At this point, I am obliged to confess that half way through I accidentally knocked my paperback into the bath, fusing the last three hundred pages into a papier-mâché brick. Fortunately, I found a Swedish language film of this book on iPlayer's BBC4 site and, with myopic squinting at the subtitles, have been able to piece together the plot.

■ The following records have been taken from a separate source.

theorem theorem4p4:
  fixes f1 :: "real^'m \<Rightarrow> ereal"
    and B :: "real^'d^'m"
    and phi :: "nat \<Rightarrow> real^'d \<Rightarrow> real"
    and gphi :: "nat \<Rightarrow> real^'d \<Rightarrow> real^'d"
    and n p :: nat
    and \<nu> M c \<alpha> lam :: real
    and xs x1 :: "real^'d"
    and vs v1 :: "real^'m"
    and k0 :: nat
    and P :: "'w measure"
    and I :: "nat \<Rightarrow> 'w \<Rightarrow> nat"
  defines "f2 \<equiv> (\<lambda>x. (1 / real n) * (\<Sum>j=1..n. phi j x) + \<nu> / 2 * norm x ^ 2)"
    and "gf2 \<equiv> (\<lambda>x. grad_l gphi n x + \<nu> *\<^sub>R x)"
    and "X \<equiv> (\<lambda>k \<omega>. alg1 f1 B gphi p \<nu> lam c \<alpha> x1 v1 (\<lambda>j. I j \<omega>) k)"
  assumes f1_proper: "proper_fun f1" and f1_convex: "ereal_convex f1" and f1_lsc: "lsc f1"
    and B_rank: "rank B = CARD('m)"
    and n_pos: "0 < n" and p_pos: "0 < p" and p_dvd: "p dvd n"
    and \<nu>_pos: "\<nu> > 0"
    and phi_grad: "\<And>j x. j \<in> {1..n} \<Longrightarrow> (phi j has_derivative (\<lambda>h. gphi j x \<bullet> h)) (at x)"
    and phi_C1: "\<And>j. j \<in> {1..n} \<Longrightarrow> continuous_on UNIV (gphi j)"
    and phi_convex: "\<And>j. j \<in> {1..n} \<Longrightarrow> convex_on UNIV (phi j)"
    and grad_bdd: "\<exists>C. \<forall>j\<in>{1..n}. \<forall>x. norm (gphi j x) \<le> C"
    and M_bound: "4 * ((SUP i\<in>{1..n div p}. SUP x. norm (grad_l_batch gphi p i x) ^ 2)
                        + norm (grad_l gphi n xs) ^ 2) \<le> M"
    and xs_min: "\<And>x. f1 (B *v xs) + ereal (f2 xs) \<le> f1 (B *v x) + ereal (f2 x)"
    and vs_fix1: "\<And>k. k \<ge> 1 \<Longrightarrow>
          vs = (let \<gamma> = gamma c \<alpha> k;
                    w = (lam / \<gamma>) *\<^sub>R (B *v (xs - \<gamma> *\<^sub>R gf2 xs))
                        + (mat 1 - lam *\<^sub>R (B ** transpose B)) *v vs
                in w - prox (\<lambda>z. ereal (lam / \<gamma>) * f1 ((\<gamma> / lam) *\<^sub>R z)) w)"
    and vs_fix2: "\<And>k. k \<ge> 1 \<Longrightarrow>
          xs = xs - gamma c \<alpha> k *\<^sub>R gf2 xs - gamma c \<alpha> k *\<^sub>R (transpose B *v vs)"
    and c_pos: "c > 0" and \<alpha>_pos: "0 < \<alpha>" and \<alpha>_le: "\<alpha> \<le> 1"
    and lam_pos: "0 < lam" and lam_lt: "lam < 1 / rho_max (B ** transpose B)"
    and k0_pos: "k0 > 0"
    and k0_step: "gamma c \<alpha> k0 \<le> min (1 / (2 * \<nu>)) (lam * rho_min (B ** transpose B) / \<nu>)"
    and P_prob: "prob_space P"
    and I_indep: "prob_space.indep_vars P (\<lambda>_. count_space UNIV) I {1..}"
    and I_range: "\<And>k \<omega>. k \<ge> 1 \<Longrightarrow> \<omega> \<in> space P \<Longrightarrow> I k \<omega> \<in> {1..n div p}"
    and I_unif: "\<And>k i. k \<ge> 1 \<Longrightarrow> i \<in> {1..n div p} \<Longrightarrow>
                   measure P {\<omega> \<in> space P. I k \<omega> = i} = real p / real n"
  shows "\<forall>k\<ge>k0.
     (\<integral>\<omega>. norm (fst (X (k+1) \<omega>) - xs)^2
            + (gamma c \<alpha> (k+1))^2 / lam * norm (snd (X (k+1) \<omega>) - vs)^2 \<partial>P)
     \<le> (1 - \<nu> * gamma c \<alpha> k) *
         (\<integral>\<omega>. norm (fst (X k \<omega>) - xs)^2
                + (gamma c \<alpha> k)^2 / lam * norm (snd (X k \<omega>) - vs)^2 \<partial>P)
       + (gamma c \<alpha> k)^2 * M"
proof (intro allI impI)
  fix k assume "k \<ge> k0"
  then have k: "k \<ge> 1" using k0_pos by simp
  let ?\<gamma> = "gamma c \<alpha> k"
  let ?\<Phi> = "\<lambda>j z. norm (fst z - xs)^2 + (gamma c \<alpha> j)^2 / lam * norm (snd z - vs)^2"
  define N where "N = n div p"
  have nN: "n = N * p" and N: "N > 0" using p_dvd n_pos unfolding N_def by auto
  have "\<nu> * ?\<gamma> \<le> \<nu> * gamma c \<alpha> k0"
    using gamma_antimono c_pos \<alpha>_pos k0_pos \<open>k \<ge> k0\<close> \<nu>_pos by simp
  moreover have "\<nu> * gamma c \<alpha> k0 \<le> 1/2" "\<nu> * gamma c \<alpha> k0 \<le> lam * rho_min (B ** transpose B)"
    using k0_step \<nu>_pos by (auto simp: field_simps)
  ultimately have g\<nu>: "?\<gamma> * \<nu> \<le> 1/2" and spec: "\<nu> * ?\<gamma> \<le> lam * rho_min (B ** transpose B)"
    by (simp_all add: mult.commute)
  have g': "\<bar>gamma c \<alpha> (k + 1)\<bar> \<le> ?\<gamma>"
    using gamma_antimono gamma_pos c_pos \<alpha>_pos k by (simp add: less_imp_le)
  have M: "4 * (norm (grad_l_batch gphi p i x)^2 + norm (grad_l gphi n xs)^2) \<le> M" if "i \<in> {1..N}" for i x
    using norm_grad_l_batch_sq_le_SUP[OF grad_bdd nN p_pos that, of x] M_bound unfolding N_def by simp
  have step: "(1 / real N) * (\<Sum>i=1..N. ?\<Phi> (k + 1) (alg1_step f1 B gphi p \<nu> lam c \<alpha> k i z))
        \<le> (1 - \<nu> * ?\<gamma>) * ?\<Phi> k z + ?\<gamma>^2 * M" for z
    by (rule mean_alg1_step_potential_le[OF f1_proper f1_convex f1_lsc lam_pos lam_lt
          vs_fix1[OF k, unfolded Let_def gf2_def] vs_fix2[OF k, unfolded gf2_def] gamma_pos[OF c_pos k]
          g\<nu> spec g' nN p_pos N \<nu>_pos phi_grad phi_convex M])
  have unif: "measure P {\<omega> \<in> space P. I k \<omega> = i} = 1 / real N" if "k \<ge> 1" "i \<in> {1..N}" for k i
    using I_unif[OF that[unfolded N_def]] nN p_pos by simp
  show "(\<integral>\<omega>. ?\<Phi> (k + 1) (X (k + 1) \<omega>) \<partial>P) \<le> (1 - \<nu> * ?\<gamma>) * (\<integral>\<omega>. ?\<Phi> k (X k \<omega>) \<partial>P) + ?\<gamma>^2 * M"
    using prob_space.integral_alg1_step_le[OF P_prob I_indep I_range[folded N_def] unif N k step]
    unfolding X_def by simp
qed
(* SP, BTI, WF, PCI, IRE and RPI hold for the LTSIs of CCSKP (CCSK with proof labels) and CCSK.
   Context: CCSK processes: $X ::= \mathbf{0} \mid \alpha.X \mid X\backslash\lambda \mid X+Y \mid X \mid Y \mid \alpha[k].X$, where $\alpha$ ranges over names, co-names and $\tau$, $\lambda$ over non-$\tau$ labels, and $k$ over keys; $\mathrm{keys}(X)$ is the set of keys in $X$, and $X$ is standard if $\mathrm{keys}(X)=\emptyset$. Only reachable processes (reachable by a path from a standard process) are considered. CCSKP forward rules (with proof keyed labels $\theta$ built from strings over $\mid_L,\mid_R,+_L,+_R$, actions $\alpha[k]$ and synchronisation pairs $\langle\upsilon_1\lambda[k],\upsilon_2\overline\lambda[k]\rangle$, each having a key): act: $\alpha.X \to^{\alpha[k]} \alpha[k].X$ if $X$ standard; pre: $\alpha[k].X \to^{\theta} \alpha[k].X'$ if $X\to^\theta X'$ and the key of $\theta$ is not $k$; res: $X\backslash a \to^\theta X'\backslash a$ if $X\to^\theta X'$ and the action of $\theta$ is not $a$ or $\overline a$; par: $X\mid Y \to^{\mid_L\theta} X'\mid Y$ if $X\to^\theta X'$ and the key of $\theta$ is not in $\mathrm{keys}(Y)$ (symmetrically on the right); syn: $X\mid Y \to^{\langle\upsilon_L\lambda[k],\upsilon_R\overline\lambda[k]\rangle} X'\mid Y'$ if $X\to^{\upsilon_L\lambda[k]}X'$ and $Y\to^{\upsilon_R\overline\lambda[k]}Y'$; sum: $X+Y\to^{+_L\theta}X'+Y$ if $X\to^\theta X'$ and $Y$ standard (symmetrically on the right). Backward transitions are the inverses of forward ones. CCSK has the same rules with labels $\alpha[k]$ only (proof part erased); CCSK and CCSKP transitions are in bijection. Two transitions are connected if there is a path from the source of one to the target of the other. The independence relation: two transitions are independent iff they are connected and their proof keyed labels (for CCSK, those of the corresponding CCSKP transitions) are independent, where label independence is the least relation with: $+_d\theta$ independent of $+_d\theta'$ if $\theta$ independent of $\theta'$; $\mid_d\theta$ independent of $\mid_d\theta'$ if $\theta$ independent of $\theta'$; $\mid_d\theta$ independent of $\mid_{\overline d}\theta'$ if their keys differ; $\mid_d\theta$ independent of $\langle\theta_L,\theta_R\rangle$ (and symmetrically) if $\theta$ independent of $\theta_d$; $\langle\theta_1,\theta_2\rangle$ independent of $\langle\theta'_1,\theta'_2\rangle$ if $\theta_1$ independent of $\theta'_1$ and $\theta_2$ independent of $\theta'_2$. An LTSI is a combined forward/backward LTS with an irreflexive symmetric independence relation on transitions. Axioms: SP (square property): coinitial independent $t:P\to^\alpha Q$, $u:P\to^\beta R$ admit cofinal $u':Q\to^\beta S$, $t':R\to^\alpha S$. BTI: distinct coinitial backward transitions are independent. WF: no infinite backward computation. PCI: in such a square with $t$ independent of $u$, $u'$ is independent of the inverse of $t$. IRE: if $t\sim t'$ and $t'$ independent of $u$ then $t$ independent of $u$, where $\sim$ (event equivalence) is the least equivalence relating opposite sides $t,t'$ of squares built from independent coinitial $t,u$. RPI: if $t$ independent of $t'$ then the inverse of $t$ is independent of $t'$. *)

theory Defs
  imports Main
begin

The baddies are eco-anarchists who are bent on bringing down the world's financial systems, rather than waiting for bankers to do it anyway. They are headquartered in Africa. The word 'Africa' is pronounced something like 'Orfrica' in Swedish, with the corners of one's mouth turned down. It sounds very solemn and impressive. Inspector Wallander knows this, and makes sure he says it a lot in his fine, rumbling, baritone voice. 'Orfffrica.'

Rather than trouble the police department's IT department - I suspect they are fed up with him getting Tipp-Ex in his keyboard - Inspector Wallander employs a teenage consultant called Modin to examine the baddies' computer. Modin so-named, I suspect, to suggest the word 'modem'. In this story, this amounts to an authentic, technical detail.

Modin is initially referred to in the dialogue, and throughout the original book, as male, but in the flick eventually turns out to be a teenage kinky-kooky, gothy-genius computer crackerette. Perhaps the director noticed the popularity of TGWTDT halfway through the shoot, and was able to recast just in time. Modin astonishingly discovers that the baddies have encrypted their secrets, and opines that retrieving them may take a little longer.

While Modin ponders at his-or-her keyboard, Wallander helps out, by finding the key password, which someone has obligingly recorded in a tattoo, in defiance of good security policy (it would be a sod to change every month) and providing further circumstantial evidence that the director was borrowing ideas from Dragon. The password is a babyish word something like 'Binky-bee', and Wallander sounds a bit undignified saying it. But Wallander was not made an inspector for nothing. He counters the Binky-bee problem by referring again to the continental origin of the anarchist plot. 'Orfffrica. Orrrrrfffricahhh.'

While Wallander is still saying 'Africa', the baddies kidnap Modin. Oh no - how will Wallander stop them now? They have overrun and infected the whole internet with their worms, the worms.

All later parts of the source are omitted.